Exercise goal:
In the records below, the line with "(c * (\<Sum>t=1..T." opens the range and the line with "by (intro ennreal_leI) (simp add: algebra_simps mult_left_le)" closes it; print that range exactly and nothing else.

-------- Data to process --------

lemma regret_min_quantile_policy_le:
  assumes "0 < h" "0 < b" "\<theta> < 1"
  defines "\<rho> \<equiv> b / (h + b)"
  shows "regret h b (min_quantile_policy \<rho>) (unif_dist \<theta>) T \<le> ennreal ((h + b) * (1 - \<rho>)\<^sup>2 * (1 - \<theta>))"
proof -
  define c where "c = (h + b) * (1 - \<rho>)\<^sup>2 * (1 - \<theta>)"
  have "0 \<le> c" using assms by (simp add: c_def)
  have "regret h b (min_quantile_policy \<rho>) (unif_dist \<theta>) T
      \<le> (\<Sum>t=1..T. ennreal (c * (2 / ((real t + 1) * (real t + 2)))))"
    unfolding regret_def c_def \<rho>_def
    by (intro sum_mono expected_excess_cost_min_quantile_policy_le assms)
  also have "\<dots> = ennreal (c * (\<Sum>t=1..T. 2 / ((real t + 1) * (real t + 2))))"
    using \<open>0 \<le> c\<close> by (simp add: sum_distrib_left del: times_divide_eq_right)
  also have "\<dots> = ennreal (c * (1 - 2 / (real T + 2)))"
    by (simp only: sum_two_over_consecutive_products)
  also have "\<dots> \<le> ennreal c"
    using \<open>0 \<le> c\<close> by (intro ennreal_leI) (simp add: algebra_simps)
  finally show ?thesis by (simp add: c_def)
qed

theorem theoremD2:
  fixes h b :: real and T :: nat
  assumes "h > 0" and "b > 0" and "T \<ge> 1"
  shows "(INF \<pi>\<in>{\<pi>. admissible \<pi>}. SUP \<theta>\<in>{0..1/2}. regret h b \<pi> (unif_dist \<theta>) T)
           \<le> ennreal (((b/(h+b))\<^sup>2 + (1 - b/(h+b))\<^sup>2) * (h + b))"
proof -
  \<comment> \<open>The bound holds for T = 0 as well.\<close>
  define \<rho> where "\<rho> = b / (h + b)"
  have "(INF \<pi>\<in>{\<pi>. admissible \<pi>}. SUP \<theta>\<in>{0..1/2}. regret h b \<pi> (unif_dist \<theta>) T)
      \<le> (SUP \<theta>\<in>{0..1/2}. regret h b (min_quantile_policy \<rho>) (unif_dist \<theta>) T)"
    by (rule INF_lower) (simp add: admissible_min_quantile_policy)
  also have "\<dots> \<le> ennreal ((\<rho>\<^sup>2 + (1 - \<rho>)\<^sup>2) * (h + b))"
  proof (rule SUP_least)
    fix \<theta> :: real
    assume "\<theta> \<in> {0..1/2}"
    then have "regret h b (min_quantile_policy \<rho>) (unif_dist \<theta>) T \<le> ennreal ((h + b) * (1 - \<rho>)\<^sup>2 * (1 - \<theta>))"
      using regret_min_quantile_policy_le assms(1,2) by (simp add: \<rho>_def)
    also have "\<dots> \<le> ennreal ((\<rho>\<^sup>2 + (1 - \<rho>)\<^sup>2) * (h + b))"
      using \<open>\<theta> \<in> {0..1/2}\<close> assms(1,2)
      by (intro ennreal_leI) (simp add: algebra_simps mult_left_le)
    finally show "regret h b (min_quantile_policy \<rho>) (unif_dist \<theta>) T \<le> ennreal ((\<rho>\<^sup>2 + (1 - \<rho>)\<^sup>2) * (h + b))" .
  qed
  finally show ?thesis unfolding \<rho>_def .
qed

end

--------
-------- Data to process --------

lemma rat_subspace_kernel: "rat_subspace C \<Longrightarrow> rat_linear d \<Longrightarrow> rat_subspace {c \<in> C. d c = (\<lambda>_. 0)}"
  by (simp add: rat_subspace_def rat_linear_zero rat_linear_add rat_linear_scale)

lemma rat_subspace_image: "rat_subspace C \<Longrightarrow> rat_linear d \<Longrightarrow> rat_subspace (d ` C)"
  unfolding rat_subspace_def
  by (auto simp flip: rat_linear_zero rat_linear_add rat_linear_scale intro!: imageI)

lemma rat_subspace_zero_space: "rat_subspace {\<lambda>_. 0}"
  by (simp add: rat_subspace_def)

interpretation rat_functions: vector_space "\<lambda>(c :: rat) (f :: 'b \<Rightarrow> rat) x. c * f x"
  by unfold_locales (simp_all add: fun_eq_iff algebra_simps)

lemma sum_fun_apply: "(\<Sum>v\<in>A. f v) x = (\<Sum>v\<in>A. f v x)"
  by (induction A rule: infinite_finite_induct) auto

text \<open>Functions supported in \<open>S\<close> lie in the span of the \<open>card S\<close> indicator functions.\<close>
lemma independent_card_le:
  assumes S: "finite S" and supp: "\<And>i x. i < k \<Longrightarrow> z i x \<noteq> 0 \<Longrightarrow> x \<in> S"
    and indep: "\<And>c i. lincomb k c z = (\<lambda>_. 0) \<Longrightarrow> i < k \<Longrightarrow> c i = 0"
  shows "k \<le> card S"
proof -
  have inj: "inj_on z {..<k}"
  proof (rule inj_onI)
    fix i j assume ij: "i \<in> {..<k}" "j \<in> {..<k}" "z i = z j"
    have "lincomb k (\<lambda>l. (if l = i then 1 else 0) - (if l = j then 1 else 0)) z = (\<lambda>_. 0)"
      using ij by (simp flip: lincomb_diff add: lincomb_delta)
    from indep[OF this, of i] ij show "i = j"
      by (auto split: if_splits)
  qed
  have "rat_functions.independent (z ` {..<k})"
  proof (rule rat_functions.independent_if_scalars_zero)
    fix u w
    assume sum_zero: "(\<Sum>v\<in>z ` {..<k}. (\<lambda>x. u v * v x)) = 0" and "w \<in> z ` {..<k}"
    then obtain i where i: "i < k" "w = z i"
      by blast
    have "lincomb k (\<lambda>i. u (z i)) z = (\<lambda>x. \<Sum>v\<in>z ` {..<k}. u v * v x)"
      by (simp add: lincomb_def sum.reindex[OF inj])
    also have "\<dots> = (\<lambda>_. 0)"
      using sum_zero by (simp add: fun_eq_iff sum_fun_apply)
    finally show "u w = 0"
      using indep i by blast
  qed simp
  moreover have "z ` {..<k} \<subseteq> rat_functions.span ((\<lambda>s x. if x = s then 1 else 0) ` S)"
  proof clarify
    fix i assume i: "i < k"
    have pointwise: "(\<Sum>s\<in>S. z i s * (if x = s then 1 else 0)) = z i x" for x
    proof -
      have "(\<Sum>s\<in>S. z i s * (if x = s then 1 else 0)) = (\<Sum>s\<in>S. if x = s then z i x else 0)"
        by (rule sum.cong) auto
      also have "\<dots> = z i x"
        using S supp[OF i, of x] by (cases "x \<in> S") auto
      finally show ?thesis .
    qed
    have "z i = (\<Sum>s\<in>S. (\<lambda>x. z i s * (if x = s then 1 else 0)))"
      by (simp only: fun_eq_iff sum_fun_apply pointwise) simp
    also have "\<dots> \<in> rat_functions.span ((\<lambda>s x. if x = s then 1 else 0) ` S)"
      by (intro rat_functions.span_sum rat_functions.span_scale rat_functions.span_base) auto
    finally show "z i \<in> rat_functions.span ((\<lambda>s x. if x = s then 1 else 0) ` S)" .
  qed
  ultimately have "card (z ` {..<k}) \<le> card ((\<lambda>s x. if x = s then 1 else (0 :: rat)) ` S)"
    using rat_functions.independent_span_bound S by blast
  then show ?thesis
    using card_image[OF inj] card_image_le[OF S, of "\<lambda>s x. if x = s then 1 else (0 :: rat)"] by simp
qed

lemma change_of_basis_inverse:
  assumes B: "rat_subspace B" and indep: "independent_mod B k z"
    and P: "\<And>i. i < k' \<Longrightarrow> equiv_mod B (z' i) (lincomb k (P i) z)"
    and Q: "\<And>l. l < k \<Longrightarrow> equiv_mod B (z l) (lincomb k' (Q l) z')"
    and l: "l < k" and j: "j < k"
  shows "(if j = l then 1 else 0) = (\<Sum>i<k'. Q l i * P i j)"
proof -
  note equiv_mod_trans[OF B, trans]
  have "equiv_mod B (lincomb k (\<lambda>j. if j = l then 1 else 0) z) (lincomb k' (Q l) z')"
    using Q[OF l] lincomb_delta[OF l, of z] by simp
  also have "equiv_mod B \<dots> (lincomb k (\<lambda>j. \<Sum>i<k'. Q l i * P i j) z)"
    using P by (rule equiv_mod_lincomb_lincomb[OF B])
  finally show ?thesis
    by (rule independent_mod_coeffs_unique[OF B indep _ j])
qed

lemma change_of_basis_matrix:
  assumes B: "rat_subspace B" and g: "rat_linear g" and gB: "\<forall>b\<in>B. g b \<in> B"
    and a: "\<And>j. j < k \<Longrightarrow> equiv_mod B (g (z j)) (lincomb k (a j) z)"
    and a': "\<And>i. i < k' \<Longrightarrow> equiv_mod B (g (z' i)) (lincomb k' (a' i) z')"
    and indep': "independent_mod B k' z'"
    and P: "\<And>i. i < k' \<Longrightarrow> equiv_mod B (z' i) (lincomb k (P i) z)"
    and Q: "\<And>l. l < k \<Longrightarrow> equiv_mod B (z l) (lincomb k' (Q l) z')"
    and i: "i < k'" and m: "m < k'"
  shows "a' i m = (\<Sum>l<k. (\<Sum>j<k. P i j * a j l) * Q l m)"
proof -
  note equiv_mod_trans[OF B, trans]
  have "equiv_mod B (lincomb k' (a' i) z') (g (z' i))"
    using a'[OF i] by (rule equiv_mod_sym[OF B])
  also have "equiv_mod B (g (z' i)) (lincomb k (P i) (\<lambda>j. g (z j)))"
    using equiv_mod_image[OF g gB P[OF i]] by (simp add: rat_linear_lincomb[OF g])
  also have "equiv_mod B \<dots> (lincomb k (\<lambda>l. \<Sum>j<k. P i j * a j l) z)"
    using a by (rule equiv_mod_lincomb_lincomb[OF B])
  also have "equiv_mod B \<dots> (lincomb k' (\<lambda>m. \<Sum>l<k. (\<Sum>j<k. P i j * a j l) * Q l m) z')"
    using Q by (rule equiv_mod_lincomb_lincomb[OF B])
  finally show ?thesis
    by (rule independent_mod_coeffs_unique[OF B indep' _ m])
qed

--------
-------- Data to process --------

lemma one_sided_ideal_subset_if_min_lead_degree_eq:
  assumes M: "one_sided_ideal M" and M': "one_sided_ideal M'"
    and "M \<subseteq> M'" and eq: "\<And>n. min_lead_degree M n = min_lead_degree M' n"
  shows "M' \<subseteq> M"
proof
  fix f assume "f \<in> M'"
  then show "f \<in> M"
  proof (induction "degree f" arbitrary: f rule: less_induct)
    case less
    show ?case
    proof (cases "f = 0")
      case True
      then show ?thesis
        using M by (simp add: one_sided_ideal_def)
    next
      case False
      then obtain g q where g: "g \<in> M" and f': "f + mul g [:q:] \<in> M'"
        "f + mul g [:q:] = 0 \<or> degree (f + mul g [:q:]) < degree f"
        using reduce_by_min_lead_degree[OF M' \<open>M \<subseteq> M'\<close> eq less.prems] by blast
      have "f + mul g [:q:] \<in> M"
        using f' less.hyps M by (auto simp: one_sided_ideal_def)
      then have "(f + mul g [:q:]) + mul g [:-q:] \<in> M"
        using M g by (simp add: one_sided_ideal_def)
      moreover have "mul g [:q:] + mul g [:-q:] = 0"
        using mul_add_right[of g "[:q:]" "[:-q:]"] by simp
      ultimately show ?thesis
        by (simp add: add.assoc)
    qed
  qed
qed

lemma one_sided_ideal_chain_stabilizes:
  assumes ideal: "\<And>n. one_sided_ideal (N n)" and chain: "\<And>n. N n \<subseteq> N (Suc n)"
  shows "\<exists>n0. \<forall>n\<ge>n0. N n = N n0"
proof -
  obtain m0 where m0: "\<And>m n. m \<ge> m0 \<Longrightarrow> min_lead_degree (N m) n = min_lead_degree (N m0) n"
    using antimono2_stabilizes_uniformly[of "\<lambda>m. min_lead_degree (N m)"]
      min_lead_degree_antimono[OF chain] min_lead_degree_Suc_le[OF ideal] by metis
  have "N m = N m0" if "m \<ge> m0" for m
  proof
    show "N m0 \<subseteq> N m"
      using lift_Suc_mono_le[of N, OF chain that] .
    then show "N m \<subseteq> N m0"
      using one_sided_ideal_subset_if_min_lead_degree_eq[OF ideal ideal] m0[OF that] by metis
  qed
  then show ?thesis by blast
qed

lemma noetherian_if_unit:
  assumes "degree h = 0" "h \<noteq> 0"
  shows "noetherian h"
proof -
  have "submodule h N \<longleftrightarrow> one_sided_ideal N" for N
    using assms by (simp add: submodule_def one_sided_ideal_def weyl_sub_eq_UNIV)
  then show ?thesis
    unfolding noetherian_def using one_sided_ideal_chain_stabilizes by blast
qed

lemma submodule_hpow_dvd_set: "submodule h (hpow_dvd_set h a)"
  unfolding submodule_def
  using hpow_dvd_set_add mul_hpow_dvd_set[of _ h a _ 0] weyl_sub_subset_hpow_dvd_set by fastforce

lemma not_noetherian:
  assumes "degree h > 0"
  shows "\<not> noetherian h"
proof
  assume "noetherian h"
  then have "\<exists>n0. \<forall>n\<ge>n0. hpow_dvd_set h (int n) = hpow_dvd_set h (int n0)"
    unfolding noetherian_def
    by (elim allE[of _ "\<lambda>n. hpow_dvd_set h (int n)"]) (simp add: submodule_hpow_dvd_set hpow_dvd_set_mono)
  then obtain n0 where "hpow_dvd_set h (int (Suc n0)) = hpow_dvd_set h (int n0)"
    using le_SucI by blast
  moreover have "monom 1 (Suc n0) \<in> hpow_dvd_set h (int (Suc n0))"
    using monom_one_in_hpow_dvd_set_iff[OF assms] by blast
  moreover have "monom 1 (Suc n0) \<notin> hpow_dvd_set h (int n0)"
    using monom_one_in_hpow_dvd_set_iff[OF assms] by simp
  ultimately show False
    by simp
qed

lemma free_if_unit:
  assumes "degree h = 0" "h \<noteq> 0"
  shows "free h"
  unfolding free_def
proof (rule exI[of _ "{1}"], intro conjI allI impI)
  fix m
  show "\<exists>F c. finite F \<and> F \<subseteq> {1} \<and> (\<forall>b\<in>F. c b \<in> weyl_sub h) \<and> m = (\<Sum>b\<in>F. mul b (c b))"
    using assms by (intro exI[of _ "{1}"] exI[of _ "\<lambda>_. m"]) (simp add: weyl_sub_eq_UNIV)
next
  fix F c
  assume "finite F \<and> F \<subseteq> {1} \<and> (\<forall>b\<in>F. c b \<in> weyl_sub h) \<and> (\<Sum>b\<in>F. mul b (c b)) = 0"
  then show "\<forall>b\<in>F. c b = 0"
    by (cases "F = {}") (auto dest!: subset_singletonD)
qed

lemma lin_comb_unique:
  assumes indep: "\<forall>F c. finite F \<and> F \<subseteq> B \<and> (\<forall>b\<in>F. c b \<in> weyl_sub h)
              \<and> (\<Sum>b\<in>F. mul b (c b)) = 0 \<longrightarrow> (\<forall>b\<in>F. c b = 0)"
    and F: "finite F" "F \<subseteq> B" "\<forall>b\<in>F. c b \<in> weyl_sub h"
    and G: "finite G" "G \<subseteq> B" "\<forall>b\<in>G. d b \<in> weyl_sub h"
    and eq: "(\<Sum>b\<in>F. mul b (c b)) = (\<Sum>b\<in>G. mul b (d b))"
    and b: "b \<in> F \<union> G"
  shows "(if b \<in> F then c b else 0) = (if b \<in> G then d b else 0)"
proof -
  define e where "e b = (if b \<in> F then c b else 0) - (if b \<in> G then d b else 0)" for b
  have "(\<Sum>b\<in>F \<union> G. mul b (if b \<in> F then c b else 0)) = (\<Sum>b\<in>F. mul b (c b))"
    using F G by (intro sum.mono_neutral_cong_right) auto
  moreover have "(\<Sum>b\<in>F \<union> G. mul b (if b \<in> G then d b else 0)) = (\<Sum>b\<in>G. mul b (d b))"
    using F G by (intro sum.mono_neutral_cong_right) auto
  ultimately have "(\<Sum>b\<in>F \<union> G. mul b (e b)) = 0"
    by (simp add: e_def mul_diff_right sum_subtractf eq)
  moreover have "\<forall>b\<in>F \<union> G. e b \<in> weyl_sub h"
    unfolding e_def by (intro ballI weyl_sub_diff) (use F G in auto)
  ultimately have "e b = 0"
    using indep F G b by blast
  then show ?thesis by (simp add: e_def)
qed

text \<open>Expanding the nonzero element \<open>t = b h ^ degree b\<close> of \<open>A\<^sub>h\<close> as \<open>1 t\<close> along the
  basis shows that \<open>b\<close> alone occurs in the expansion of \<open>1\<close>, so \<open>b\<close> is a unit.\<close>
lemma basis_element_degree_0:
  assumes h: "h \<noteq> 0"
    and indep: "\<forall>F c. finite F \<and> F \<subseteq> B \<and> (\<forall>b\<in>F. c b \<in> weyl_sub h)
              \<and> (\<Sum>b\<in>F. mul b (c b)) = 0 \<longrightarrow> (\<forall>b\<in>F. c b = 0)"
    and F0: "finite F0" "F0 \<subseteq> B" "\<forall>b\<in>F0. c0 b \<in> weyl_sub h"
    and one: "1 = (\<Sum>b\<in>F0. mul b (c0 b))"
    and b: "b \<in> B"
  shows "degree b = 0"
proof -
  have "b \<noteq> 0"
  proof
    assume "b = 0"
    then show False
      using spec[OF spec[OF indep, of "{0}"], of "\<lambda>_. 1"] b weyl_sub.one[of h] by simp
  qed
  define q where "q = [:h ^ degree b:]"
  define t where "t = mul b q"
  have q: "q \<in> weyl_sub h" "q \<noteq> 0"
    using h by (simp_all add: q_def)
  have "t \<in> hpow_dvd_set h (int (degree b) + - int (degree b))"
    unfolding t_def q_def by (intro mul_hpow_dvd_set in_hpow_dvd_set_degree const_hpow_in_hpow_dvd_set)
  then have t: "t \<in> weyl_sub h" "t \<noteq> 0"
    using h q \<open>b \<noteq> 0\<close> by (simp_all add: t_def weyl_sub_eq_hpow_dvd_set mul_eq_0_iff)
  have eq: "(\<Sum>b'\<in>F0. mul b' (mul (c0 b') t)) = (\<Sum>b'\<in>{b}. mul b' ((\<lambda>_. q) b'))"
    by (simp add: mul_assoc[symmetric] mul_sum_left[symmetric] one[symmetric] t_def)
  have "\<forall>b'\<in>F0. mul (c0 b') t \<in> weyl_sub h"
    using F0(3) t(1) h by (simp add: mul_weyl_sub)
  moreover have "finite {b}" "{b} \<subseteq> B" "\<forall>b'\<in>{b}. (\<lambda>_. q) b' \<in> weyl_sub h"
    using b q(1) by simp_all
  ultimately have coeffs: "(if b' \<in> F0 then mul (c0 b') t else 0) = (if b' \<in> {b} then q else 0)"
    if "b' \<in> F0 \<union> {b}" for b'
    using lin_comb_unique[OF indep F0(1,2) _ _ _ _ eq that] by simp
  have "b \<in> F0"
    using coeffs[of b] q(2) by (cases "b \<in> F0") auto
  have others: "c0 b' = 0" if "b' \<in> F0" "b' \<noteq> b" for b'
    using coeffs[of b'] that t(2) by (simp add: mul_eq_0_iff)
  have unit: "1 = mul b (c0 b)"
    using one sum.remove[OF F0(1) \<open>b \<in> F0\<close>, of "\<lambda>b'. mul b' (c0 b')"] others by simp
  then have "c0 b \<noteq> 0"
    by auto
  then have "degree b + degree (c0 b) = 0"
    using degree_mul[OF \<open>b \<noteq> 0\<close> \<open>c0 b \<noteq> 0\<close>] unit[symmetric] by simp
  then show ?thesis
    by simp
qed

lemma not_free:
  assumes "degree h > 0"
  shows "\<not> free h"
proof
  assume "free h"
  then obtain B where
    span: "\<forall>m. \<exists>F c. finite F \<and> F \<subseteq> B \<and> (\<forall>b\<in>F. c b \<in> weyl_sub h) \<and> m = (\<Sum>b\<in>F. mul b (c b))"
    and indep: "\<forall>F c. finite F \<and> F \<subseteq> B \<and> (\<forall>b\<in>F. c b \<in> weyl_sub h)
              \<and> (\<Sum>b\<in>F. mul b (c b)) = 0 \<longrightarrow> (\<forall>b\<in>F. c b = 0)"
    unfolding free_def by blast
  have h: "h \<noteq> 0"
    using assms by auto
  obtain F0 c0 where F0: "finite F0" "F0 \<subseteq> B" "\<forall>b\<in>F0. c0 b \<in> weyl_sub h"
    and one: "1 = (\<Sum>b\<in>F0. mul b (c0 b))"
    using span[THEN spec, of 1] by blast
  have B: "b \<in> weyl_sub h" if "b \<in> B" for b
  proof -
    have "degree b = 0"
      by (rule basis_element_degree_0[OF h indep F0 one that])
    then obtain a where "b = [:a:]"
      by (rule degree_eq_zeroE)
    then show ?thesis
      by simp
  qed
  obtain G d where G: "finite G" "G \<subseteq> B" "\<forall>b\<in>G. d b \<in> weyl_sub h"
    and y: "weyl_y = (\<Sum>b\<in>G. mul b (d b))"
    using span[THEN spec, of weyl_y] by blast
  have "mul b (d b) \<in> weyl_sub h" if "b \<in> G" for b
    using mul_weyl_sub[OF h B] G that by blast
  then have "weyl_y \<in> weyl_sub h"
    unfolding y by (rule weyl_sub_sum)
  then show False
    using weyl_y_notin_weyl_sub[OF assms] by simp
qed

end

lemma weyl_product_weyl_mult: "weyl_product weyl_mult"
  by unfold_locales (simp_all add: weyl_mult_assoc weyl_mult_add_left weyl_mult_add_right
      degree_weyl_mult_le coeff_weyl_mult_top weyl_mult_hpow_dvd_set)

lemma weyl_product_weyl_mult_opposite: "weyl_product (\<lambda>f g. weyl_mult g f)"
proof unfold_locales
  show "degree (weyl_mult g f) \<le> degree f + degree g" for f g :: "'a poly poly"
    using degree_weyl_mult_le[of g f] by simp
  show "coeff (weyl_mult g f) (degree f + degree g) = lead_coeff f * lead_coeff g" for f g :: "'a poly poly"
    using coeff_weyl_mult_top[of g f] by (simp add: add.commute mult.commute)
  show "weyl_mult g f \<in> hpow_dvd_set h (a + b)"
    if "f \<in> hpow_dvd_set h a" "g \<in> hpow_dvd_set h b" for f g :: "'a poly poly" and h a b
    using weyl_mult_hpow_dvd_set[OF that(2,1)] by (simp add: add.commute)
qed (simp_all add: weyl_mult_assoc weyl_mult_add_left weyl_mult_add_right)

--------

Solution:
  also have "\<dots> = ennreal (c * (\<Sum>t=1..T. 2 / ((real t + 1) * (real t + 2))))"
    using \<open>0 \<le> c\<close> by (simp add: sum_distrib_left del: times_divide_eq_right)
  also have "\<dots> = ennreal (c * (1 - 2 / (real T + 2)))"
    by (simp only: sum_two_over_consecutive_products)
  also have "\<dots> \<le> ennreal c"
    using \<open>0 \<le> c\<close> by (intro ennreal_leI) (simp add: algebra_simps)
  finally show ?thesis by (simp add: c_def)
qed

theorem theoremD2:
  fixes h b :: real and T :: nat
  assumes "h > 0" and "b > 0" and "T \<ge> 1"
  shows "(INF \<pi>\<in>{\<pi>. admissible \<pi>}. SUP \<theta>\<in>{0..1/2}. regret h b \<pi> (unif_dist \<theta>) T)
           \<le> ennreal (((b/(h+b))\<^sup>2 + (1 - b/(h+b))\<^sup>2) * (h + b))"
proof -
  \<comment> \<open>The bound holds for T = 0 as well.\<close>
  define \<rho> where "\<rho> = b / (h + b)"
  have "(INF \<pi>\<in>{\<pi>. admissible \<pi>}. SUP \<theta>\<in>{0..1/2}. regret h b \<pi> (unif_dist \<theta>) T)
      \<le> (SUP \<theta>\<in>{0..1/2}. regret h b (min_quantile_policy \<rho>) (unif_dist \<theta>) T)"
    by (rule INF_lower) (simp add: admissible_min_quantile_policy)
  also have "\<dots> \<le> ennreal ((\<rho>\<^sup>2 + (1 - \<rho>)\<^sup>2) * (h + b))"
  proof (rule SUP_least)
    fix \<theta> :: real
    assume "\<theta> \<in> {0..1/2}"
    then have "regret h b (min_quantile_policy \<rho>) (unif_dist \<theta>) T \<le> ennreal ((h + b) * (1 - \<rho>)\<^sup>2 * (1 - \<theta>))"
      using regret_min_quantile_policy_le assms(1,2) by (simp add: \<rho>_def)
    also have "\<dots> \<le> ennreal ((\<rho>\<^sup>2 + (1 - \<rho>)\<^sup>2) * (h + b))"
      using \<open>\<theta> \<in> {0..1/2}\<close> assms(1,2)
      by (intro ennreal_leI) (simp add: algebra_simps mult_left_le)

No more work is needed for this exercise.